I popped in there, seems to be someone saying lots of trials fail, and someone saying this is different. At least that was the tail end of it, and if the 'fails' poster hadn't realised why that was less likely (he still thinks fail is more more likely than sucdess) then no points were taken on board.
Thanks for copying and pasting something that's been highlighted with a red dot just above your post.
Ticino, the outside of the tumour contains FAP-a, for those cancer types that over express it, so the warhead is delivered to the right place and attacks the shell, it does not work on a cell by cell basis.
There are cancer types that do not express much FAP-a, these have been highlighted in many of the documents from avacta, so there are plenty of types of cancer to work on.
Ph2 would be a few tens of millions, not hundreds of millions.

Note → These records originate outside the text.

lemma summable_on_lerch_binomial_term:
  fixes q :: real and z s :: complex
  assumes "q > 1" "0 < j" "norm z < 1 \<or> (norm z = 1 \<and> Re s > real j)"
  shows "(\<lambda>(N, n, l). lerch_binomial_term z s ((1 / q) ^ Suc N) (sum n {..<j}) l)
           summable_on UNIV \<times> (PiE {..<j} (\<lambda>_. {1::nat..}) \<times> UNIV)"
proof -
  note of_nat_sum[simp del]
  define T where "T = PiE {..<j} (\<lambda>_. {1::nat..})"
  define u where "u N = (1 / q) ^ Suc N" for N
  define v where "v n = norm z ^ sum n {..<j} * real (sum n {..<j}) powr (- Re s)" for n :: "nat \<Rightarrow> nat"
  define w where "w l = norm ((- s) gchoose l) * (1 / q) ^ l" for l
  have "summable u"
    using assms(1) unfolding u_def by (subst summable_Suc_iff) (simp add: summable_geometric)
  then have "u summable_on UNIV"
    using assms(1) by (subst summable_on_UNIV_nonneg_real_iff) (auto simp: u_def)
  have "v summable_on T"
    unfolding v_def T_def by (rule summable_on_norm_mult_LL_zeta[OF assms(2,3)])
  have "summable w"
    unfolding w_def using assms(1) by (intro summable_norm_gchoose_mult_power) auto
  then have "w summable_on UNIV"
    using assms(1) by (subst summable_on_UNIV_nonneg_real_iff) (auto simp: w_def)
  with \<open>v summable_on T\<close> have "(\<lambda>(n, l). v n * w l) summable_on T \<times> UNIV"
    by (rule summable_on_product_nonneg) (use assms(1) in \<open>auto simp: v_def w_def\<close>)
  with \<open>u summable_on UNIV\<close> have "(\<lambda>(N, p). u N * (case p of (n, l) \<Rightarrow> v n * w l)) summable_on UNIV \<times> (T \<times> UNIV)"
    by (rule summable_on_product_nonneg) (use assms(1) in \<open>auto simp: u_def v_def w_def\<close>)
  then have dominant: "(\<lambda>(N, n, l). u N * (v n * w l)) summable_on UNIV \<times> (T \<times> UNIV)"
    by (simp add: case_prod_unfold)
  have bound: "norm (lerch_binomial_term z s (u N) (sum n {..<j}) l) \<le> u N * (v n * w l)"
    if "n \<in> T" for N n l
  proof -
    have "0 \<le> u N" and "u N \<le> 1 / q"
      using assms(1) power_decreasing[of 1 "Suc N" "1 / q"] by (simp_all add: u_def)
    moreover have "sum n {..<j} \<ge> 1"
      using sum_PiE_ge_1[OF assms(2)] that by (simp add: T_def)
    ultimately show ?thesis
      using norm_lerch_binomial_term_le[of "u N" "1 / q" "sum n {..<j}" z s l]
      unfolding v_def w_def mult.assoc by blast
  qed
  have "(\<lambda>p. norm ((\<lambda>(N, n, l). lerch_binomial_term z s (u N) (sum n {..<j}) l) p))
          summable_on UNIV \<times> (T \<times> UNIV)"
  proof (rule summable_on_comparison_test[OF dominant])
    fix p :: "nat \<times> (nat \<Rightarrow> nat) \<times> nat"
    assume "p \<in> UNIV \<times> (T \<times> UNIV)"
    then obtain N n l where p: "p = (N, n, l)" and "n \<in> T"
      by auto
    show "norm ((\<lambda>(N, n, l). lerch_binomial_term z s (u N) (sum n {..<j}) l) p)
            \<le> (\<lambda>(N, n, l). u N * (v n * w l)) p"
      unfolding p prod.case by (rule bound[OF \<open>n \<in> T\<close>])
  qed simp
  then show ?thesis
    unfolding T_def u_def by (rule abs_summable_summable)
qed
(* Let $\alpha\in\ell^2$. For every $p\in(1,\infty)$ there exists a constant $C_p>0$ depending only on $p$ such that $$\|(a_k(R_\alpha))_{k\ge1}\|_{\ell^p}\le C_p\Big(\sum_{k\ge-1}|\sigma_k|^p\Big)^{1/p}.$$
   Context: $\mathbb{N}=\{0,1,2,\dots\}$; $(R_\alpha f)(k)=\alpha_k\sum_{j=0}^kf(j)$ on $\ell^2$ (square-summable functions $\mathbb{N}\to\mathbb{C}$). $\sigma_{-1}=|\alpha_0|$ and $\sigma_k=(\sum_{j=2^k}^{2^{k+1}-1}(j+1)|\alpha_j|^2)^{1/2}$ for $k\in\mathbb{N}$. Approximation numbers: $a_{n+1}(T)=\inf\{\|T-P\|:P$ linear with rank $\le n\}$, $n\ge0$. *)

theory Defs
  imports "HOL-Analysis.Analysis"
begin

definition l2 :: "(nat \<Rightarrow> complex) set" where
  "l2 = {f. summable (\<lambda>k. (cmod (f k))\<^sup>2)}"

definition l2norm :: "(nat \<Rightarrow> complex) \<Rightarrow> ereal" where
  "l2norm f = (if f \<in> l2 then ereal (sqrt (\<Sum>k. (cmod (f k))\<^sup>2)) else \<infinity>)"

definition opnorm :: "((nat \<Rightarrow> complex) \<Rightarrow> (nat \<Rightarrow> complex)) \<Rightarrow> ereal" where
  "opnorm T = (SUP f\<in>{f\<in>l2. l2norm f \<le> 1}. l2norm (T f))"

definition lin_rank_le :: "nat \<Rightarrow> ((nat \<Rightarrow> complex) \<Rightarrow> (nat \<Rightarrow> complex)) \<Rightarrow> bool" where
  "lin_rank_le n P \<longleftrightarrow>
     (\<forall>f\<in>l2. P f \<in> l2) \<and>
     (\<forall>f\<in>l2. \<forall>g\<in>l2. \<forall>a b::complex.
        P (\<lambda>k. a * f k + b * g k) = (\<lambda>k. a * P f k + b * P g k)) \<and>
     (\<exists>v::nat \<Rightarrow> nat \<Rightarrow> complex. \<forall>f\<in>l2. \<exists>c::nat \<Rightarrow> complex.
        P f = (\<lambda>k. \<Sum>i<n. c i * v i k))"

text \<open>approx_num T n is the approximation number a_(n+1)(T), n >= 0.\<close>
definition approx_num :: "((nat \<Rightarrow> complex) \<Rightarrow> (nat \<Rightarrow> complex)) \<Rightarrow> nat \<Rightarrow> ereal" where
  "approx_num T n = (INF P\<in>{P. lin_rank_le n P}. opnorm (\<lambda>f k. T f k - P f k))"

definition R_op :: "(nat \<Rightarrow> complex) \<Rightarrow> (nat \<Rightarrow> complex) \<Rightarrow> (nat \<Rightarrow> complex)" where
  "R_op \<alpha> f = (\<lambda>k. \<alpha> k * (\<Sum>j\<le>k. f j))"

text \<open>sig alpha m = sigma_(m-1): sig alpha 0 = sigma_(-1) = |alpha_0|, sig alpha (Suc k) = sigma_k.\<close>
fun sig :: "(nat \<Rightarrow> complex) \<Rightarrow> nat \<Rightarrow> real" where
  "sig \<alpha> 0 = cmod (\<alpha> 0)"
| "sig \<alpha> (Suc k) = sqrt (\<Sum>j\<in>{2^k..<2^(k+1)}. real (j+1) * (cmod (\<alpha> j))\<^sup>2)"

end

theory Submission
  imports Defs
begin

text \<open>Fix a level \<open>t > 0\<close> and call the dyadic block \<open>i\<close> heavy if \<open>sig \<alpha> i > t / 4\<close>. Each heavy
  block is cut into at most \<open>\<lfloor>4 sig \<alpha> i / t\<rfloor> + 1\<close> cells, each carrying only a fraction
  \<open>t / sig \<alpha> i\<close> of the \<open>\<alpha>\<close>-mass and of the length of the block. Replacing the partial sum
  \<open>\<Sum>j\<le>k. f j\<close> in row \<open>k\<close> of \<open>R_op \<alpha>\<close> by the sum up to the start of the cell of \<open>k\<close>, and by
  \<open>0\<close> in light blocks, gives an operator of rank at most \<open>N(t) = \<Sum>\<^bsub>heavy i\<^esub> (\<lfloor>4 sig \<alpha> i / t\<rfloor> + 1)\<close>.
  A Schur test with weights \<open>1 / sqrt (j + 1)\<close> bounds the error by \<open>2 t\<close>: cells are short and
  light, and over the light blocks \<open>sig \<alpha> i \<le> t / 4\<close> the weights decay geometrically. So
  \<open>a\<^sub>n\<^sub>+\<^sub>1 \<le> 2 t\<close> once \<open>n \<ge> N(t)\<close>, and summing over the levels \<open>t = c / 2^j\<close> bounds
  \<open>\<Sum>n. a\<^sub>n ^ p\<close> by a multiple of \<open>\<Sum>\<^sub>j N(c / 2^j) (c / 2^j)^p\<close>, which is a geometric
  series in each block and hence at most a constant times \<open>\<Sum>i. sig \<alpha> i ^ p\<close>.\<close>

section \<open>Finite-rank truncations of \<open>R_op\<close>\<close>

lemma l2norm_nonneg: "0 \<le> l2norm f"
  by (auto simp: l2norm_def l2_def intro!: suminf_nonneg)

lemma opnorm_nonneg: "0 \<le> opnorm T"
proof -
  have "(\<lambda>k. 0) \<in> {f\<in>l2. l2norm f \<le> 1}"
    by (simp add: l2norm_def l2_def)
  then show ?thesis
    unfolding opnorm_def by (rule SUP_upper2) (rule l2norm_nonneg)
qed

lemma approx_num_nonneg: "0 \<le> approx_num T n"
  unfolding approx_num_def by (rule INF_greatest) (rule opnorm_nonneg)

lemma approx_num_le_opnorm:
  "lin_rank_le n P \<Longrightarrow> approx_num T n \<le> opnorm (\<lambda>f k. T f k - P f k)"
  unfolding approx_num_def by (rule INF_lower) simp

lemma opnorm_le:
  assumes "0 \<le> B"
    and "\<And>f. f \<in> l2 \<Longrightarrow> (\<Sum>k. (cmod (f k))\<^sup>2) \<le> 1 \<Longrightarrow>
           T f \<in> l2 \<and> (\<Sum>k. (cmod (T f k))\<^sup>2) \<le> B\<^sup>2"
  shows "opnorm T \<le> ereal B"
  unfolding opnorm_def
proof (rule SUP_least)
  fix f assume "f \<in> {f\<in>l2. l2norm f \<le> 1}"
  then have f: "f \<in> l2" and "sqrt (\<Sum>k. (cmod (f k))\<^sup>2) \<le> 1"
    by (auto simp: l2norm_def)
  then have "(\<Sum>k. (cmod (f k))\<^sup>2) \<le> 1" by simp
  with assms(2)[OF f] have "T f \<in> l2" "(\<Sum>k. (cmod (T f k))\<^sup>2) \<le> B\<^sup>2" by auto
  with assms(1) show "l2norm (T f) \<le> ereal B"
    by (simp add: l2norm_def real_le_lsqrt)
qed

definition R_cut ::
  "(nat \<Rightarrow> complex) \<Rightarrow> (nat \<Rightarrow> nat) \<Rightarrow> (nat \<Rightarrow> complex) \<Rightarrow> nat \<Rightarrow> complex" where
  "R_cut \<alpha> g f = (\<lambda>k. \<alpha> k * (\<Sum>j<g k. f j))"

lemma R_op_minus_R_cut:
  assumes "g k \<le> Suc k"
  shows "R_op \<alpha> f k - R_cut \<alpha> g f k = \<alpha> k * (\<Sum>j\<in>{g k..k}. f j)"
proof -
  have "{..k} = {..<g k} \<union> {g k..k}" using assms by auto
  then have "(\<Sum>j\<le>k. f j) = (\<Sum>j<g k. f j) + (\<Sum>j\<in>{g k..k}. f j)"
    by (simp add: sum.union_disjoint ivl_disj_int)
  then show ?thesis
    by (simp add: R_op_def R_cut_def algebra_simps)
qed

lemma R_cut_in_l2:
  assumes "\<alpha> \<in> l2" and "finite (range g)"
  shows "R_cut \<alpha> g f \<in> l2"
proof -
  define M where "M = Max ((\<lambda>v. cmod (\<Sum>j<v. f j)) ` range g)"
  have "cmod (\<Sum>j<g k. f j) \<le> M" for k
    unfolding M_def using assms(2) by (intro Max_ge) auto
  then have "cmod (R_cut \<alpha> g f k) \<le> cmod (\<alpha> k) * M" for k
    by (simp add: R_cut_def norm_mult mult_left_mono)
  then have "(cmod (R_cut \<alpha> g f k))\<^sup>2 \<le> (cmod (\<alpha> k) * M)\<^sup>2" for k
    by (rule power_mono) simp
  then have bound: "(cmod (R_cut \<alpha> g f k))\<^sup>2 \<le> M\<^sup>2 * (cmod (\<alpha> k))\<^sup>2" for k
    by (simp add: power_mult_distrib mult.commute)
  have "summable (\<lambda>k. M\<^sup>2 * (cmod (\<alpha> k))\<^sup>2)"
    using assms(1) by (intro summable_mult) (simp add: l2_def)
  then show ?thesis
    unfolding l2_def mem_Collect_eq
    by (rule summable_comparison_test') (simp add: bound)
qed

At that point it will require Ph3 testing, to ensure that it hasn't effected the action of the drug. But it's not like there isn't enough to get started on.
It's a platform that can deliver any drug with an appropriate structure that can be attached to the linker, to a FAP-alpha rich target. If the target is not FAP-a expressing or thedrug cannot be linked to (hence velacde analogue not straight velcade) then it cannot be pro'd.
There may be other linkers that hit other targets, or can attach to other dugs but this is what we have for now.